### THE TASK
Output only the lines below from the one containing "using \<open>s < t\<close> by" to the one containing "by (auto intro!: derivative_eq_intros)", exactly as written, both ends kept.

### THE INPUT
════════════════════

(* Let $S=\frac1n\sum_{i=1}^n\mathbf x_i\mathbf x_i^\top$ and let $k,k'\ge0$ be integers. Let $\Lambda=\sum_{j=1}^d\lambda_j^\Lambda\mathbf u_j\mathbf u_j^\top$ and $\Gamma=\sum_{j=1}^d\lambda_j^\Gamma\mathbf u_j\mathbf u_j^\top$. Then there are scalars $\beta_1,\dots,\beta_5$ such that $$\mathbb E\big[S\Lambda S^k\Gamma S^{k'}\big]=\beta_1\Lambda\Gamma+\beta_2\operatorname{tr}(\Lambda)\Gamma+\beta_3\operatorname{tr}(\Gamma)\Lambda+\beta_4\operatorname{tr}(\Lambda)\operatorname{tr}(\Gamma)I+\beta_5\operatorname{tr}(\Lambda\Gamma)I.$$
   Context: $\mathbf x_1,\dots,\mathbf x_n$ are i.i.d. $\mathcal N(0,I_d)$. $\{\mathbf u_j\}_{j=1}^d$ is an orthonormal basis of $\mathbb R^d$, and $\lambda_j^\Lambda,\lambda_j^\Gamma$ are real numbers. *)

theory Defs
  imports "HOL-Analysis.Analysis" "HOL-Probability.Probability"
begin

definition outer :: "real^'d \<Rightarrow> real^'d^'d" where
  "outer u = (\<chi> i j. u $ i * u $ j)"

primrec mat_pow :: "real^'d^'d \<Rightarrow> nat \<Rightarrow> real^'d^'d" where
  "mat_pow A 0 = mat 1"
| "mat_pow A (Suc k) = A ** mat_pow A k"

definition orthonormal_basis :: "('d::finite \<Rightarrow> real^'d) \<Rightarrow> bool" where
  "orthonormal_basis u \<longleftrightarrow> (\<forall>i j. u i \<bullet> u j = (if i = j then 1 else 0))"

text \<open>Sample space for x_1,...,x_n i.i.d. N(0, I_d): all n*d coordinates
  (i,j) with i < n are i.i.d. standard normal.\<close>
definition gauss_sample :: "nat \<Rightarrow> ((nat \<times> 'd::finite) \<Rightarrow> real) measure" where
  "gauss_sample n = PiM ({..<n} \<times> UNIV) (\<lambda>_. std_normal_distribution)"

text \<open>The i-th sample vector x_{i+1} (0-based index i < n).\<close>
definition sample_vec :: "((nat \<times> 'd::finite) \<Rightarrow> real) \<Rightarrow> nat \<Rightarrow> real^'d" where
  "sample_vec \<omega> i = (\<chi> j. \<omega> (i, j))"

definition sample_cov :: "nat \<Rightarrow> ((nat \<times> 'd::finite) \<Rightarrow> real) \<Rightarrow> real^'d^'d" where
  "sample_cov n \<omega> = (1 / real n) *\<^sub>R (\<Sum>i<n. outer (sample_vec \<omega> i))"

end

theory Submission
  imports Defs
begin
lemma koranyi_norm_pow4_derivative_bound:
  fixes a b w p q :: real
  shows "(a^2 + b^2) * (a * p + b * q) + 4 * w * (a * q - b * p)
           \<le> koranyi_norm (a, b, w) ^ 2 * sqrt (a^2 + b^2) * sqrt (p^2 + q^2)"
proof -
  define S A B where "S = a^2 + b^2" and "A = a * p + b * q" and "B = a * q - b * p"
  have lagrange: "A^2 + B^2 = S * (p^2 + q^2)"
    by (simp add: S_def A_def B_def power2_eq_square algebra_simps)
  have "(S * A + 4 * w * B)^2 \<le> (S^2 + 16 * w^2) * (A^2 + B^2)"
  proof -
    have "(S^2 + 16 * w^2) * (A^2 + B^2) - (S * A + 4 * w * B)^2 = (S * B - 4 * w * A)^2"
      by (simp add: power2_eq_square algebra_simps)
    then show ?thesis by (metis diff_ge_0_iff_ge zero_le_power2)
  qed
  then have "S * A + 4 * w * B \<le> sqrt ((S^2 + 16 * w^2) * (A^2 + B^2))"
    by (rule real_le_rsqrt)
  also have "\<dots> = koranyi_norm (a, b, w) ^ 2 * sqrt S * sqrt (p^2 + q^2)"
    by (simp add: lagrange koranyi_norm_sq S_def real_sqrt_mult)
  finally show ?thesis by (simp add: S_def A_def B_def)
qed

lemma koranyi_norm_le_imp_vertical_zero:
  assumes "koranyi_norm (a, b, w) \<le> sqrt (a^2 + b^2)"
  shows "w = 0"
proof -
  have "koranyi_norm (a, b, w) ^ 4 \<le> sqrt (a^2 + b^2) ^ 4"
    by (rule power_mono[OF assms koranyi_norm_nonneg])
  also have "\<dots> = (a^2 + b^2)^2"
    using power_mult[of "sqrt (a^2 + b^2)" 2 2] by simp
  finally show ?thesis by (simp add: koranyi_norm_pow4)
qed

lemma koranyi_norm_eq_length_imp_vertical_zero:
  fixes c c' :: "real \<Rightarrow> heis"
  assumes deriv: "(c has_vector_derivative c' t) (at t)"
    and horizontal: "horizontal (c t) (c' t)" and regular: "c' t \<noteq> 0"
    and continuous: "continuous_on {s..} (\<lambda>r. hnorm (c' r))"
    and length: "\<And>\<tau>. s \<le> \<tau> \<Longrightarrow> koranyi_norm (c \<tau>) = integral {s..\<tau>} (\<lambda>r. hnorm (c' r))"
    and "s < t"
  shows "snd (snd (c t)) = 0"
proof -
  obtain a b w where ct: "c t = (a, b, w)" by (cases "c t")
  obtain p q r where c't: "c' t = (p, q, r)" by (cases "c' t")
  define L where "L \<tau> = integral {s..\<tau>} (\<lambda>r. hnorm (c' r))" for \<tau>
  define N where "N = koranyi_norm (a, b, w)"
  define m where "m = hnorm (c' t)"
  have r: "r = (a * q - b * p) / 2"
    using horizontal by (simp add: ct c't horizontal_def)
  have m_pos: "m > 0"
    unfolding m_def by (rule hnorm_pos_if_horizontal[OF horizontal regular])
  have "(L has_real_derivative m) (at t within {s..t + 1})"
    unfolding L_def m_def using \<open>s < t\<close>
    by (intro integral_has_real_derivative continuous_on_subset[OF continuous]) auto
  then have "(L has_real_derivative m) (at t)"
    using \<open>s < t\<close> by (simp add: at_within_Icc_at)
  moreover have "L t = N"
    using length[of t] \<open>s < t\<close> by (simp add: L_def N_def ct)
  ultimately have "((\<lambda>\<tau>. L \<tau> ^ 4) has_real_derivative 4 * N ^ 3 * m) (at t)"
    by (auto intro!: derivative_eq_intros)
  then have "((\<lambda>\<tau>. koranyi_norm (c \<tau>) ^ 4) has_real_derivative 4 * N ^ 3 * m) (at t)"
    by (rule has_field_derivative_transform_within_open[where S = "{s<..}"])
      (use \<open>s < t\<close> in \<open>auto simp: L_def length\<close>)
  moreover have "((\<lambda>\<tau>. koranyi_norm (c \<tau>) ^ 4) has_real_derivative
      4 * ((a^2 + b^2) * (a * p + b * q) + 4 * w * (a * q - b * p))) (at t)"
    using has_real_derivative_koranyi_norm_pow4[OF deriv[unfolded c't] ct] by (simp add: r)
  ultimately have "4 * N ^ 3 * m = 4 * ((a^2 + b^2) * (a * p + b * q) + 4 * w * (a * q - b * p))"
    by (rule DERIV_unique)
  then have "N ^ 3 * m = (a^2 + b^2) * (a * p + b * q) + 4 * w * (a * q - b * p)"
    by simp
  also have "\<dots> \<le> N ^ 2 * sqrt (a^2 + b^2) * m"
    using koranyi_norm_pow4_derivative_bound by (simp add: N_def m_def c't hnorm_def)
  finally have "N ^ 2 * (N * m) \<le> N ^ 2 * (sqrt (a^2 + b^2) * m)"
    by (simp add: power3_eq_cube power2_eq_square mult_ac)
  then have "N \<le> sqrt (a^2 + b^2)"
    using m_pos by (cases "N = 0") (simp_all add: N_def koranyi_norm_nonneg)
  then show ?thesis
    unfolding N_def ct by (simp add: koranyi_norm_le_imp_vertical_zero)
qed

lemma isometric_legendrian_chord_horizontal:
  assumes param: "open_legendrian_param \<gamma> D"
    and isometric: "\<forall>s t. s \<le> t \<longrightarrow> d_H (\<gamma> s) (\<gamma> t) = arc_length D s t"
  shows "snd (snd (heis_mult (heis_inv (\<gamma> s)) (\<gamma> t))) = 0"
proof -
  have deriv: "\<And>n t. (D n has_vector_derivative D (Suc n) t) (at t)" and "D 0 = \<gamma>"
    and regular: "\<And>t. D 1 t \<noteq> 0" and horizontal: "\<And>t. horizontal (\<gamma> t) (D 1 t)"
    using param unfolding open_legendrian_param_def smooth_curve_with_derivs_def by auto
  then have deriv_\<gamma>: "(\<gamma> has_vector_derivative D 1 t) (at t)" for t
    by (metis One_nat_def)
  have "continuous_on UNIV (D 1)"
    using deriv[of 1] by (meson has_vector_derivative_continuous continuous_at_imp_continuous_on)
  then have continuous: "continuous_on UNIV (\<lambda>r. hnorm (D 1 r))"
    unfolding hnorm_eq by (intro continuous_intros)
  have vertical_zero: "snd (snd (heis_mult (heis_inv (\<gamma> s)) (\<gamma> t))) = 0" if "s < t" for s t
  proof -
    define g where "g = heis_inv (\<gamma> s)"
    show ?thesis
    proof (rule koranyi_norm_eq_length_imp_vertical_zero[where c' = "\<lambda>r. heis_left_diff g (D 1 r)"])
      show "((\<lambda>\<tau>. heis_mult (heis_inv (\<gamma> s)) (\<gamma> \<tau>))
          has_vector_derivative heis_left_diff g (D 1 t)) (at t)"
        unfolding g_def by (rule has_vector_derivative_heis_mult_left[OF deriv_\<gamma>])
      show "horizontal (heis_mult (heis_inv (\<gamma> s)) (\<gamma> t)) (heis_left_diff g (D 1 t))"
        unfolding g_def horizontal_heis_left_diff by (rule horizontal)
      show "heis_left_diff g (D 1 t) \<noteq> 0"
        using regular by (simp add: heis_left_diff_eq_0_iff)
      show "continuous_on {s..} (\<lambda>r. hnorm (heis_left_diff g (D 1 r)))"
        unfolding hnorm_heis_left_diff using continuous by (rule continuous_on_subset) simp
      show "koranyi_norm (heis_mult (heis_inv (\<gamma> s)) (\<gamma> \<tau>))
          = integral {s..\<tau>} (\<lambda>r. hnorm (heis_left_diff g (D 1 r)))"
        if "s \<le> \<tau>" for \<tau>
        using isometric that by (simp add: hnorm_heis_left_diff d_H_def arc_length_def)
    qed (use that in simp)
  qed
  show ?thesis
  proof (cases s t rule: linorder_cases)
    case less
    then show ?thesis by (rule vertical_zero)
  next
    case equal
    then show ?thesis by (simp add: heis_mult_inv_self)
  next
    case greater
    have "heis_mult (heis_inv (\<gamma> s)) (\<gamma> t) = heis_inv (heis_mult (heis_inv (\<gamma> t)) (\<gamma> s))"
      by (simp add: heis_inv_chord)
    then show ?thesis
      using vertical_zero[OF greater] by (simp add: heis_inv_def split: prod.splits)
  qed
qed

════════════════════

### OUTPUT OF THE TASK
    using \<open>s < t\<close> by (simp add: at_within_Icc_at)
  moreover have "L t = N"
    using length[of t] \<open>s < t\<close> by (simp add: L_def N_def ct)
  ultimately have "((\<lambda>\<tau>. L \<tau> ^ 4) has_real_derivative 4 * N ^ 3 * m) (at t)"
    by (auto intro!: derivative_eq_intros)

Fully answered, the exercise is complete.